* [AIM OF THE TASK]:
Up to and including the line with "real \<Rightarrow> complex \<Rightarrow>", reproduce the listing below exactly, beginning at its first line.

#####

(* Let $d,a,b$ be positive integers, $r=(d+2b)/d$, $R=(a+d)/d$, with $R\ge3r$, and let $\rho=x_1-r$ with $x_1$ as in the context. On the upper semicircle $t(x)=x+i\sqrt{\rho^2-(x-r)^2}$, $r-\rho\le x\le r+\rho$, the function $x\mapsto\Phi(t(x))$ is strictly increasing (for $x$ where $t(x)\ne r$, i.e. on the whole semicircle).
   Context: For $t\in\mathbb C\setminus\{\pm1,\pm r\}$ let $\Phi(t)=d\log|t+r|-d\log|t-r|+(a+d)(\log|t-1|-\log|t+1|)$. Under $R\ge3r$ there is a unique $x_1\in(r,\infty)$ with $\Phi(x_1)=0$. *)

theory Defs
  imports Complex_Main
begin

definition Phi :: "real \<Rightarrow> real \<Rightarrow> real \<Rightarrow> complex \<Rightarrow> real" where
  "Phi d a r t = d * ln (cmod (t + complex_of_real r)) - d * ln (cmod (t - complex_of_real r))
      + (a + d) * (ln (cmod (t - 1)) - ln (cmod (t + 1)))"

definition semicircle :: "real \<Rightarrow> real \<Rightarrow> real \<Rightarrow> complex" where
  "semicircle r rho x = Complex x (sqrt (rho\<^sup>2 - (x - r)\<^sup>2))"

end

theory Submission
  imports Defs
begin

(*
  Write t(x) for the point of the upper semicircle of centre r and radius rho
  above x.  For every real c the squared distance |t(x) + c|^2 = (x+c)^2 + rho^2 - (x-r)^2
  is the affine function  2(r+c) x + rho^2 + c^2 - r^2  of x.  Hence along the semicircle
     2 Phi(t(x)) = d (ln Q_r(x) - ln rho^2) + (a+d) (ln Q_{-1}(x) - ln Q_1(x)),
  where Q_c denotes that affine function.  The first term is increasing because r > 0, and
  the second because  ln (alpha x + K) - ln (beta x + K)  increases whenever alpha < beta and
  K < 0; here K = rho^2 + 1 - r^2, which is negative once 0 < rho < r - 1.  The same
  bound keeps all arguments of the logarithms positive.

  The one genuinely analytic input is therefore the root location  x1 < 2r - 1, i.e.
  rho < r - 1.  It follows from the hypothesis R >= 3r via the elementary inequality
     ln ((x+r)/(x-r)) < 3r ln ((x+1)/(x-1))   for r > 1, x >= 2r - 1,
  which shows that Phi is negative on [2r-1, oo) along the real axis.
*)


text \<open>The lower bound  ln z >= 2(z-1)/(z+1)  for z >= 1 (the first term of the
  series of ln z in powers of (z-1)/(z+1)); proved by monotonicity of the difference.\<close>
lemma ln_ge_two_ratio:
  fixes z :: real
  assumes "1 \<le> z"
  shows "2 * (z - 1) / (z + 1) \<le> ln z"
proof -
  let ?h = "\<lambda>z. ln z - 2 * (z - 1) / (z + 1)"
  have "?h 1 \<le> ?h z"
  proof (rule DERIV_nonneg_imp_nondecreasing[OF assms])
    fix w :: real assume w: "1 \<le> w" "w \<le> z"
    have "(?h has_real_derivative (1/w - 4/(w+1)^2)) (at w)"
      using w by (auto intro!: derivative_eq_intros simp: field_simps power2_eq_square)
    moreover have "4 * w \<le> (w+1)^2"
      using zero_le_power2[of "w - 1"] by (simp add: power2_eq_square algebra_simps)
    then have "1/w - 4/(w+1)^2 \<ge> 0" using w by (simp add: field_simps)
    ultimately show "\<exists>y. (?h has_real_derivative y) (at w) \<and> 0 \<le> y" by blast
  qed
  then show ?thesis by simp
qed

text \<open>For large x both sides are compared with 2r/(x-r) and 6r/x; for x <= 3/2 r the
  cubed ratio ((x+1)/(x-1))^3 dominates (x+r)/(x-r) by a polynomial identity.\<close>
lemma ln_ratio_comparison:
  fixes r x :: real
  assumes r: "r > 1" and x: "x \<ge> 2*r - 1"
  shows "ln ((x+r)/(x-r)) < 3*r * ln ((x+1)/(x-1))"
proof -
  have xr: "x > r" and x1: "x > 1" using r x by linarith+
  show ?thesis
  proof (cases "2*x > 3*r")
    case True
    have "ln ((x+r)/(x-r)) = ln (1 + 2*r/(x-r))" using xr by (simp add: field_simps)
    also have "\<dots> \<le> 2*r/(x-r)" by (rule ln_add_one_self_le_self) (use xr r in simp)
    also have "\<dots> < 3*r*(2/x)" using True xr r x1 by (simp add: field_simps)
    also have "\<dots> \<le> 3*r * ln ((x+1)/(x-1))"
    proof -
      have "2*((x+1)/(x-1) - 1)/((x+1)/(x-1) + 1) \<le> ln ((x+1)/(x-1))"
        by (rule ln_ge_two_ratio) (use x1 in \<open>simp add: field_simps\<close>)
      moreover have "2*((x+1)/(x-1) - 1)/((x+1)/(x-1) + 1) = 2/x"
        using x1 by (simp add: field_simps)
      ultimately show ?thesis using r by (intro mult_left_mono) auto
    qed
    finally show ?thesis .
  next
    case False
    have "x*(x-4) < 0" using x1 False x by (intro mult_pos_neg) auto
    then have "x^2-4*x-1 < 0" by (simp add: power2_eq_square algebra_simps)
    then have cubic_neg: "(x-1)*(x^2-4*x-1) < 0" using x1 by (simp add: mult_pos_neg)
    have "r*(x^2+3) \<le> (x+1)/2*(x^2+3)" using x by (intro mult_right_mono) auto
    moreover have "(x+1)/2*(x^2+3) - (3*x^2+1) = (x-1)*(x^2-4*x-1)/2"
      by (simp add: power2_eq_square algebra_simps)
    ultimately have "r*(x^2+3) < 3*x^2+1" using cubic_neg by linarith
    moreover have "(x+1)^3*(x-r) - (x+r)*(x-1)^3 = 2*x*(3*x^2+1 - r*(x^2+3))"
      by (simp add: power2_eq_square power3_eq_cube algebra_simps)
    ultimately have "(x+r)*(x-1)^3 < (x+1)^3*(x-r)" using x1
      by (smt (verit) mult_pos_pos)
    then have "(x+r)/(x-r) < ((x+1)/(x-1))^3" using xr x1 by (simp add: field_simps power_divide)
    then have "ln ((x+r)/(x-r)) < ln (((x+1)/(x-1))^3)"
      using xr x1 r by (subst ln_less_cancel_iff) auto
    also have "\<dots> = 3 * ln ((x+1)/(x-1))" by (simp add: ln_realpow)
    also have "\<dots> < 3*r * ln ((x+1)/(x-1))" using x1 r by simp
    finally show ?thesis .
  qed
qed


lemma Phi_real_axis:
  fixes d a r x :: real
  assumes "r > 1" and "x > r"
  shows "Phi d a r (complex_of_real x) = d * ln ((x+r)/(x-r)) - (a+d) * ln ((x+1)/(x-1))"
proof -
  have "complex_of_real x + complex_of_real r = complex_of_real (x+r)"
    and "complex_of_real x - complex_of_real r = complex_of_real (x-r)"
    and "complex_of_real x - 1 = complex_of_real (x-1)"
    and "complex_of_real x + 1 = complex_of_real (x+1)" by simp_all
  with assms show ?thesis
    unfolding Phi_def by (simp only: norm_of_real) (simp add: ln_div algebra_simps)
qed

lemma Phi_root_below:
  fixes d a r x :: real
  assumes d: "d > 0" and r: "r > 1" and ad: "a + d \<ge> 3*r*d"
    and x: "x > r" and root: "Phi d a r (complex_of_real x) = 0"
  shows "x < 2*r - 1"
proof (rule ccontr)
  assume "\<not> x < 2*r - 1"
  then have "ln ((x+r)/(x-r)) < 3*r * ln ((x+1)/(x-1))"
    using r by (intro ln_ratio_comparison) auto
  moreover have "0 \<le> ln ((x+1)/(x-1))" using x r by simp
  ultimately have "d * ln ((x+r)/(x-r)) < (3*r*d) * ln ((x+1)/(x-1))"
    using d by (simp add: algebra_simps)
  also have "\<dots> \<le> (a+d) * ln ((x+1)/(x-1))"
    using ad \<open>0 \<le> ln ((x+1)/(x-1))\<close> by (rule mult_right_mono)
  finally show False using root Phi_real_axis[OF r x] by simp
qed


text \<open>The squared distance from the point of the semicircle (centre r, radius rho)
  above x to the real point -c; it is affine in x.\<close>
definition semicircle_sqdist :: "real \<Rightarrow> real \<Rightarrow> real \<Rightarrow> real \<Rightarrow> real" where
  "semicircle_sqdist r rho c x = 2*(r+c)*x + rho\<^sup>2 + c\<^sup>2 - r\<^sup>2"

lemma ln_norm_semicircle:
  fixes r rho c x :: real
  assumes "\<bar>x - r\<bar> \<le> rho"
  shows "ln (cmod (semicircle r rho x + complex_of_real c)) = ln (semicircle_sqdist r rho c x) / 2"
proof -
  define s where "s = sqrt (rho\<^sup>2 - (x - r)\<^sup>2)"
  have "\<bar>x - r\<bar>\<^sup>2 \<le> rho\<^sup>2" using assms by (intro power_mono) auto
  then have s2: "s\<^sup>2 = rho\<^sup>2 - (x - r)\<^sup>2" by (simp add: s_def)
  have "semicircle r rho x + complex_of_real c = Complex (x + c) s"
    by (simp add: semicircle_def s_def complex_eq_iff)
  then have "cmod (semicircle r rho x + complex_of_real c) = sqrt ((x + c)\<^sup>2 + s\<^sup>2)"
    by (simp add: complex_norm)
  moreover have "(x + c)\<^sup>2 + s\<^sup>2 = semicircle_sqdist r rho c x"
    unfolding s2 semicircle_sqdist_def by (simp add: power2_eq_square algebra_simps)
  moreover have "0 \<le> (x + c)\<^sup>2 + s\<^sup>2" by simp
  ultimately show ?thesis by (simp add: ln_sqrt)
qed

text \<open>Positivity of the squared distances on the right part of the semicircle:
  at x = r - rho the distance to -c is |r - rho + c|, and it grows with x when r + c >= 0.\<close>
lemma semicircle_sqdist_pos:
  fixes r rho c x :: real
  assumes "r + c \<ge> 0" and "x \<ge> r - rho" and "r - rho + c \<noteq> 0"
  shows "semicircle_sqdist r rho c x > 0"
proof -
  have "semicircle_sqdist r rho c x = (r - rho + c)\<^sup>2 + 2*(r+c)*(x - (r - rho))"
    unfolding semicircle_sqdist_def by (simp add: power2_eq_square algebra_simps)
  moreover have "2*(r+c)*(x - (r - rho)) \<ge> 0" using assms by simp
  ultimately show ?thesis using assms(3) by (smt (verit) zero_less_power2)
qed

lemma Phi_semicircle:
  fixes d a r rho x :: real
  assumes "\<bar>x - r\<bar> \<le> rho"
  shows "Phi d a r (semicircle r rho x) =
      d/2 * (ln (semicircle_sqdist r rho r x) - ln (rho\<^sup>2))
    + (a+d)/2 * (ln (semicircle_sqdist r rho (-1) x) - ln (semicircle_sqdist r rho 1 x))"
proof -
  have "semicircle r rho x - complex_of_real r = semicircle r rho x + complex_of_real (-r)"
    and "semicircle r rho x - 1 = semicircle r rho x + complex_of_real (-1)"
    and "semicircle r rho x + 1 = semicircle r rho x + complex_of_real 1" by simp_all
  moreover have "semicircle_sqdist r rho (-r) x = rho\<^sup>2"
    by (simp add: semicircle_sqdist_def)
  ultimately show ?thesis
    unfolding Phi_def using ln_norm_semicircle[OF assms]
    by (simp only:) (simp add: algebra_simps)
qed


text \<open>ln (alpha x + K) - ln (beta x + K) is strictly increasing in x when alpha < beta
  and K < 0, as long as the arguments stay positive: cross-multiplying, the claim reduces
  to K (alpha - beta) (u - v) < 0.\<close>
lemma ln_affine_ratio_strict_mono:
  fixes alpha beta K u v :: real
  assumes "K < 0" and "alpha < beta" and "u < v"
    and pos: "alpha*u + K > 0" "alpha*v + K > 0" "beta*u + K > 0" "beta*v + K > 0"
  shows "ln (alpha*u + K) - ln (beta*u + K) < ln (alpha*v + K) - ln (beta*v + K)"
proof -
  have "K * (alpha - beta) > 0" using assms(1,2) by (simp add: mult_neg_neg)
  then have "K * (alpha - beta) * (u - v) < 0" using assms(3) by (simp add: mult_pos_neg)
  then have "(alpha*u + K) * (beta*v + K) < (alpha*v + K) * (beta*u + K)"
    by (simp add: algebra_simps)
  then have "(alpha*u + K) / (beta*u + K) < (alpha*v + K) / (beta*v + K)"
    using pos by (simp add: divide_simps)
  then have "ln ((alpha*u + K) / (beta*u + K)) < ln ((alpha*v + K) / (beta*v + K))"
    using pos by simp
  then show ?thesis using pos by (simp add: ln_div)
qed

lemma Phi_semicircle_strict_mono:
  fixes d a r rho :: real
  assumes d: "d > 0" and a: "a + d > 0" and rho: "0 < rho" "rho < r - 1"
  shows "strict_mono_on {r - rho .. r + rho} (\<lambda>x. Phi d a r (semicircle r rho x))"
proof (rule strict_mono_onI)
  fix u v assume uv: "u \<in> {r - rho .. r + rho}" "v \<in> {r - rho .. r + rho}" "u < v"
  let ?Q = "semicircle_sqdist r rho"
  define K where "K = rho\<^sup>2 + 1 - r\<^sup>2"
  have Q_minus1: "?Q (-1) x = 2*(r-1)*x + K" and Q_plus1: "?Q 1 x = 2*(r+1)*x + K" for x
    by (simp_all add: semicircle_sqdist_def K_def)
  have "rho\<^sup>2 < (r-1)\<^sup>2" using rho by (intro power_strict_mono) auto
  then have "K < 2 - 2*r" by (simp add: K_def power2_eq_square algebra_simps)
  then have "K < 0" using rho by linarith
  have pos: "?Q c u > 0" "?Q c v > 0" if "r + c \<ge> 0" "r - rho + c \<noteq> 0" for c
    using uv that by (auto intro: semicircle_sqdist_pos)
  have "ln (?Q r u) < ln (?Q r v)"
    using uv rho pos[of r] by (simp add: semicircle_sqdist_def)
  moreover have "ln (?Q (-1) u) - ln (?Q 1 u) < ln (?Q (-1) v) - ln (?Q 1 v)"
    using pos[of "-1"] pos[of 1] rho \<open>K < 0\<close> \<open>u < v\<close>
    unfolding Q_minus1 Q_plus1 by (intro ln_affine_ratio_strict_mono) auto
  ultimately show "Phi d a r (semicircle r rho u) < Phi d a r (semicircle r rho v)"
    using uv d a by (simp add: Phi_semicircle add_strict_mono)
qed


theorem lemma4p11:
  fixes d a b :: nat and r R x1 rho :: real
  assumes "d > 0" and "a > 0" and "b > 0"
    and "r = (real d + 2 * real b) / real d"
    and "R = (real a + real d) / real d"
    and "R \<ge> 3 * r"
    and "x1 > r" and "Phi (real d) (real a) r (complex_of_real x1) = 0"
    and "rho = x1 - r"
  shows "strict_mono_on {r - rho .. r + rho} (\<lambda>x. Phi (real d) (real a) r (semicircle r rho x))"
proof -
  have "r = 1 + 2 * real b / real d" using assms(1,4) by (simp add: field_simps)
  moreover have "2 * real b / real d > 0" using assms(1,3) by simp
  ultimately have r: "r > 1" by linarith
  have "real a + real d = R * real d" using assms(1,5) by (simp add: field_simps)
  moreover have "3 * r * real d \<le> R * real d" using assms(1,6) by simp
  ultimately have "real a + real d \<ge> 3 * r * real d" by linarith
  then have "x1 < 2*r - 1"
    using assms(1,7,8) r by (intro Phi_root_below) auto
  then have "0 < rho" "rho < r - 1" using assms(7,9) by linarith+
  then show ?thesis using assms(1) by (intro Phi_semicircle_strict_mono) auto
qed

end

#####

* [YOUR RESPONSE]:
(* Let $d,a,b$ be positive integers, $r=(d+2b)/d$, $R=(a+d)/d$, with $R\ge3r$, and let $\rho=x_1-r$ with $x_1$ as in the context. On the upper semicircle $t(x)=x+i\sqrt{\rho^2-(x-r)^2}$, $r-\rho\le x\le r+\rho$, the function $x\mapsto\Phi(t(x))$ is strictly increasing (for $x$ where $t(x)\ne r$, i.e. on the whole semicircle).
   Context: For $t\in\mathbb C\setminus\{\pm1,\pm r\}$ let $\Phi(t)=d\log|t+r|-d\log|t-r|+(a+d)(\log|t-1|-\log|t+1|)$. Under $R\ge3r$ there is a unique $x_1\in(r,\infty)$ with $\Phi(x_1)=0$. *)

theory Defs
  imports Complex_Main
begin

definition Phi :: "real \<Rightarrow> real \<Rightarrow> real \<Rightarrow> complex \<Rightarrow> real" where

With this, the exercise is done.